Neovascular glaucoma complications Complications

Corneal edema and recurrent anterior chamber blood.

Symptom

Symptoms of neovascular glaucoma Common symptoms Dreaded, congested, eye pain, edema, pupil, fixed iris, neovascularization and...

The common manifestations of neovascular glaucoma are eye pain, photophobia, visual acuity often as the index of the eye ~ manual, intraocular pressure can reach more than 60mmHg, moderate to severe congestion, often accompanied by corneal edema, iris neovascularization, pupillary margin valgus, room There are different degrees of peripheral anterior adhesion in the horn. Shield divides the neovascularization from iris into the pathogenesis of neovascular glaucoma into three stages, namely, glaucoma, open-angle glaucoma and angle-closure glaucoma.

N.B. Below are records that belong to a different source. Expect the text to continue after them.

lemma unitary_op_phase_op:
  assumes ph: "\<And>k. cmod (ph k) = 1"
  shows "unitary_op (phase_op ph)"
proof -
  have sqnorm_eq: "(\<lambda>k. (cmod (phase_op ph' x k))\<^sup>2) = (\<lambda>k. (cmod (x k))\<^sup>2)"
    if "\<And>k. cmod (ph' k) = 1" for ph' x
    by (simp add: phase_op_def norm_mult that)
  have inverse: "phase_op ph (phase_op (\<lambda>k. cnj (ph k)) w) = w" for w
  proof -
    have "ph k * cnj (ph k) = 1" for k
      using complex_norm_square[of "ph k"] ph[of k] by simp
    then show ?thesis by (simp add: phase_op_def mult.assoc[symmetric])
  qed
  show ?thesis unfolding unitary_op_def
  proof (intro conjI allI impI)
    fix v assume "sq_summable v"
    then show "sq_summable (phase_op ph v)" "sqnorm (phase_op ph v) = sqnorm v"
      unfolding sq_summable_def sqnorm_def sqnorm_eq[OF ph] by simp_all
  next
    fix w assume "sq_summable w"
    then have "sq_summable (phase_op (\<lambda>k. cnj (ph k)) w)"
      unfolding sq_summable_def sqnorm_eq[of "\<lambda>k. cnj (ph k)", simplified, OF ph] .
    then show "\<exists>v. sq_summable v \<and> phase_op ph v = w" using inverse by blast
  qed (simp add: phase_op_def algebra_simps)
qed

lemma matrix_elem_phase_op: "matrix_elem (phase_op ph) i j = ph i * ket j i"
  by (simp add: matrix_elem_def phase_op_def)

lemma phase_to_modulus:
  obtains ph :: complex where "cmod ph = 1" "ph * z = of_real (cmod z)"
proof (cases "z = 0")
  case True
  then show ?thesis using that[of 1] by simp
next
  case False
  have "cnj z / of_real (cmod z) * z = z * cnj z / of_real (cmod z)"
    by (simp add: mult.commute)
  also have "\<dots> = of_real ((cmod z)\<^sup>2) / of_real (cmod z)"
    by (simp only: complex_norm_square)
  also have "\<dots> = of_real (cmod z)"
    using False by (simp add: power2_eq_square)
  finally have "cnj z / of_real (cmod z) * z = of_real (cmod z)" .
  then show ?thesis using that[of "cnj z / of_real (cmod z)"] False by (simp add: norm_divide)
qed

lemma allowed_state_unitary: "unitary_op T \<Longrightarrow> allowed_state v \<Longrightarrow> allowed_state (T v)"
  unfolding unitary_op_def allowed_state_def by simp

subsection \<open>Reduction to states on two worlds\<close>

lemma axiom_A3_isolated_world:
  assumes A3: "axiom_A3 p" and v: "allowed_state v" and T: "unitary_op T"
    and isolated: "\<And>j. j \<noteq> n \<Longrightarrow> matrix_elem T n j = 0 \<and> matrix_elem T j n = 0"
  shows "p (T v) n = p v n"
proof -
  let ?P = "{{n}, - {n}}"
  have "Suc n \<in> - {n}" by simp
  then have "- {n} \<noteq> {}" by blast
  then have partition: "partition_on UNIV ?P"
    unfolding partition_on_def disjoint_def by auto
  have "infsum (p v) {n} = infsum (p (T v)) {n}"
    by (rule A3[unfolded axiom_A3_def, rule_format, OF v T partition]) (use isolated in auto)
  then show ?thesis by simp
qed

definition two_level :: "nat \<Rightarrow> real \<Rightarrow> nat \<Rightarrow> complex" where
  "two_level n t =
     (\<lambda>k. if k = n then of_real (sqrt t) else if k = Suc n then of_real (sqrt (1 - t)) else 0)"

lemma allowed_state_two_level: "0 \<le> t \<Longrightarrow> t \<le> 1 \<Longrightarrow> allowed_state (two_level n t)"
  by (rule allowed_state_finite_support[of "{n, Suc n}"]) (auto simp: two_level_def)

lemma prob_eq_two_level:
  assumes A3: "axiom_A3 p" and v: "allowed_state v"
  shows "p v n = p (two_level n ((cmod (v n))\<^sup>2)) n"
proof -
  obtain \<alpha> where \<alpha>: "cmod \<alpha> = 1" "\<alpha> * v n = of_real (cmod (v n))"
    by (rule phase_to_modulus)
  obtain \<beta> where \<beta>: "cmod \<beta> = 1" "\<beta> * v (Suc n) = of_real (cmod (v (Suc n)))"
    by (rule phase_to_modulus)
  define ph where "ph = (\<lambda>k. if k = n then \<alpha> else if k = Suc n then \<beta> else 1)"
  define v' where "v' = phase_op ph v"
  define w where "w = two_level n ((cmod (v n))\<^sup>2)"
  have "cmod (ph k) = 1" for k using \<alpha> \<beta> by (simp add: ph_def)
  then have U: "unitary_op (phase_op ph)" by (rule unitary_op_phase_op)
  have v': "allowed_state v'" unfolding v'_def using U v by (rule allowed_state_unitary)
  have "p v' n = p v n"
    unfolding v'_def using A3 v U by (rule axiom_A3_isolated_world) (simp add: matrix_elem_phase_op ket_def)
  have amp_le: "(cmod (v n))\<^sup>2 \<le> 1" using v by (rule allowed_state_amplitude_le_1)
  have w: "allowed_state w" unfolding w_def using amp_le by (intro allowed_state_two_level) auto
  have v'_n: "v' n = w n" using \<alpha> by (simp add: v'_def w_def phase_op_def ph_def two_level_def)
  have "inner_l2 w v' = (\<Sum>k\<in>{n, Suc n}. cnj (w k) * v' k)"
    by (rule inner_l2_finite_support) (auto simp: w_def two_level_def)
  also have "\<dots> = of_real ((cmod (v n))\<^sup>2 + sqrt (1 - (cmod (v n))\<^sup>2) * cmod (v (Suc n)))"
    using \<alpha> \<beta> by (simp add: v'_def w_def phase_op_def ph_def two_level_def power2_eq_square)
  finally have "reflection (\<lambda>k. v' k - w k) v' = w"
    by (rule reflection_maps_to[rotated 3]) (use v' w in \<open>simp_all add: allowed_state_def\<close>)
  moreover have "p (reflection (\<lambda>k. v' k - w k) v') n = p v' n"
    using A3 v' unitary_op_reflection
  proof (rule axiom_A3_isolated_world)
    show "sq_summable (\<lambda>k. v' k - w k)"
      using v' w sq_summable_lincomb[of v' w 1 "- 1"] by (simp add: allowed_state_def)
    show "matrix_elem (reflection (\<lambda>k. v' k - w k)) n j = 0
        \<and> matrix_elem (reflection (\<lambda>k. v' k - w k)) j n = 0"
      if "j \<noteq> n" for j
      using that v'_n by (simp add: matrix_elem_reflection ket_def)
  qed
  ultimately show ?thesis using \<open>p v' n = p v n\<close> by (simp add: w_def)
qed

subsection \<open>The weight function of a world\<close>

lemma prob_sum_finite_support:
  assumes PR: "probability_rule p" and A2: "axiom_A2 p" and x: "allowed_state x"
    and "finite F" and supp: "\<And>k. k \<notin> F \<Longrightarrow> x k = 0"
  shows "(\<Sum>k\<in>F. p x k) = 1"
proof -
  have "p x k = 0" if "k \<notin> F" for k
    using A2 x supp[OF that] unfolding axiom_A2_def by blast
  with \<open>finite F\<close> have "suminf (p x) = (\<Sum>k\<in>F. p x k)" by (rule suminf_finite)
  moreover have "p x sums 1" using PR x unfolding probability_rule_def by blast
  ultimately show ?thesis using sums_unique by metis
qed

lemma prob_two_level_three_worlds:
  assumes PR: "probability_rule p" and A2: "axiom_A2 p" and A3: "axiom_A3 p"
    and distinct: "n \<noteq> m" "n \<noteq> k" "m \<noteq> k"
    and "0 \<le> s" "0 \<le> t" "0 \<le> q" "s + t + q = 1"
  shows "p (two_level n s) n + p (two_level m t) m + p (two_level k q) k = 1"
proof -
  define x where "x = (\<lambda>j. if j = n then complex_of_real (sqrt s)
    else if j = m then of_real (sqrt t) else if j = k then of_real (sqrt q) else 0)"
  have supp: "\<And>j. j \<notin> {n, m, k} \<Longrightarrow> x j = 0" by (simp add: x_def)
  have weights: "(cmod (x n))\<^sup>2 = s" "(cmod (x m))\<^sup>2 = t" "(cmod (x k))\<^sup>2 = q"
    using assms by (auto simp: x_def)
  have "allowed_state x"
  proof (rule allowed_state_finite_support[of "{n, m, k}"])
    show "(\<Sum>j\<in>{n, m, k}. (cmod (x j))\<^sup>2) = 1"
      using distinct weights \<open>s + t + q = 1\<close> by simp
  qed (simp_all add: supp)
  then have "p x n + p x m + p x k = 1"
    using prob_sum_finite_support[OF PR A2 \<open>allowed_state x\<close>, of "{n, m, k}"] supp distinct
    by (simp add: add.assoc)
  then show ?thesis
    using prob_eq_two_level[OF A3 \<open>allowed_state x\<close>] weights by simp
qed

lemma prob_two_level_zero: "axiom_A2 p \<Longrightarrow> p (two_level n 0) n = 0"
  using allowed_state_two_level[of 0 n] unfolding axiom_A2_def by (simp add: two_level_def)

lemma prob_two_level_additive:
  assumes PR: "probability_rule p" and A2: "axiom_A2 p" and A3: "axiom_A3 p"
    and "0 \<le> s" "0 \<le> t" "s + t \<le> 1"
  shows "p (two_level n (s + t)) n = p (two_level n s) n + p (two_level n t) n"
proof -
  let ?f = "\<lambda>j t. p (two_level j t) j"
  define m where "m = Suc n"
  define k where "k = Suc (Suc n)"
  note three = prob_two_level_three_worlds[OF PR A2 A3]
  \<comment> \<open>Compare the weights (s, t, 1 - s - t) and (s + t, 0, 1 - s - t) on the worlds n, m, k;
    the same comparison with n and m swapped shows that the weight function of m agrees with that of n.\<close>
  have "n \<noteq> m" "n \<noteq> k" "m \<noteq> k" by (simp_all add: m_def k_def)
  then have "?f n s + ?f m t + ?f k (1 - s - t) = 1"
    and "?f n (s + t) + ?f m 0 + ?f k (1 - s - t) = 1"
    and "?f m 0 + ?f n t + ?f k (1 - t) = 1"
    and "?f m t + ?f n 0 + ?f k (1 - t) = 1"
    using assms by (auto intro!: three)
  then show ?thesis using prob_two_level_zero[OF A2] by simp
qed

1. Early glaucoma (Iris red period):

At first, the tiny neovascular buds are typically characterized by tiny telangiectasia, mostly at the pupillary margin or the iris corneal angle. If you use a corner mirror, you can use a small pressure to make it disappear. The pupil enlargement can also cover the small newborn around the pupil. Blood vessels, therefore, it is necessary to make a detailed slit lamp examination before the expansion. As the disease progresses, the new blood vessels can extend irregularly around the pupil and appear clinically on the surface of the iris. The red line of the rule goes to the root of the iris, and when the neovascularization extends to the angle of the anterior chamber, the dendritic sulcus and the sclera protrude through the trabecular meshwork. Under normal conditions, the blood vessels in the anterior chamber are behind the scleral process, such as trabecular meshwork. When seeing a blood vessel, it must be abnormal. Sometimes it can be seen that the neovascularization occurs from the ring of the iris aorta to the trabecular meshwork. The neovascularization in the angle of the anterior chamber is often like a branch from a tree trunk. The tiny capillaries are distributed in several numbers. On the trabecular meshwork of a range of hours, it is necessary to double-amplify and carefully examine the early signs in these corners under bright light. The iris fluorescein angiography is fluorescent. Leakage, the pupillary vessels and radial vasodilation and abnormal fluorescein leakage can be seen before neovascularization. The iris redness of diabetic retinopathy and central retinal vein occlusion is clinically the same, but by silicone ( Silicone] The new blood vessels of the former can be seen after injection, and the distribution is tight and flat. The first phase change caused by central retinal vein occlusion is often transient, and the cause of diabetes can last for several years without change.

2. Open angle glaucoma:

As the disease progresses, these new blood vessels can completely obscure the surface structure of the original iris, and have a relatively smooth appearance. Because the neovascular tube wall is thin and can see the blood column, it shows a typical iris red color, and the color is bright red. The aqueous humor often has an inflammatory reaction. The iris corneal angle is still open. The fibrous tissue and fibrous vascular membrane associated with the neovascularization of the angle are difficult to see under the gonioscopic mirror, but the trabecular mesh can be blocked and the intraocular pressure is increased. The clinical manifestations can be similar. Acute onset of glaucoma, suddenly felt eye discomfort, eye pain, congestion, intraocular pressure often reached 40 ~ 50mmHg, corneal edema, and sometimes anterior chamber hemorrhage.

3. Closed angle glaucoma:

Finally, the fibrovascular membrane shrinks, and the blood vessel is tightened into a bridge frame in the corner of the anterior chamber. Then the iris is also pulled to the trabecular meshwork to form a peripheral anterior adhesion. The angle of the anterior surface is closed, and the fibrous vascular membrane on the anterior surface of the iris contracts, and the iris is behind. The pigment layer is pulled toward the pupillary margin, causing the pigmentation valgus of the pupil collar. It is usually seen that the anterior meridian line is accompanied by a corner occlusion, and the pupil sphincter is also pulled to the front to form a pupil dilated and enlarged. The blood vessels can grow to the surface of the cataractous lens through the adhesion. The extracapsular removal and intraocular lens can involve the lens capsule. In the later stage of neovascular glaucoma, the fully viscous anterior horn looks like a very smooth iris cornea. Adhesive lines, at which point the number of new blood vessels can be reduced.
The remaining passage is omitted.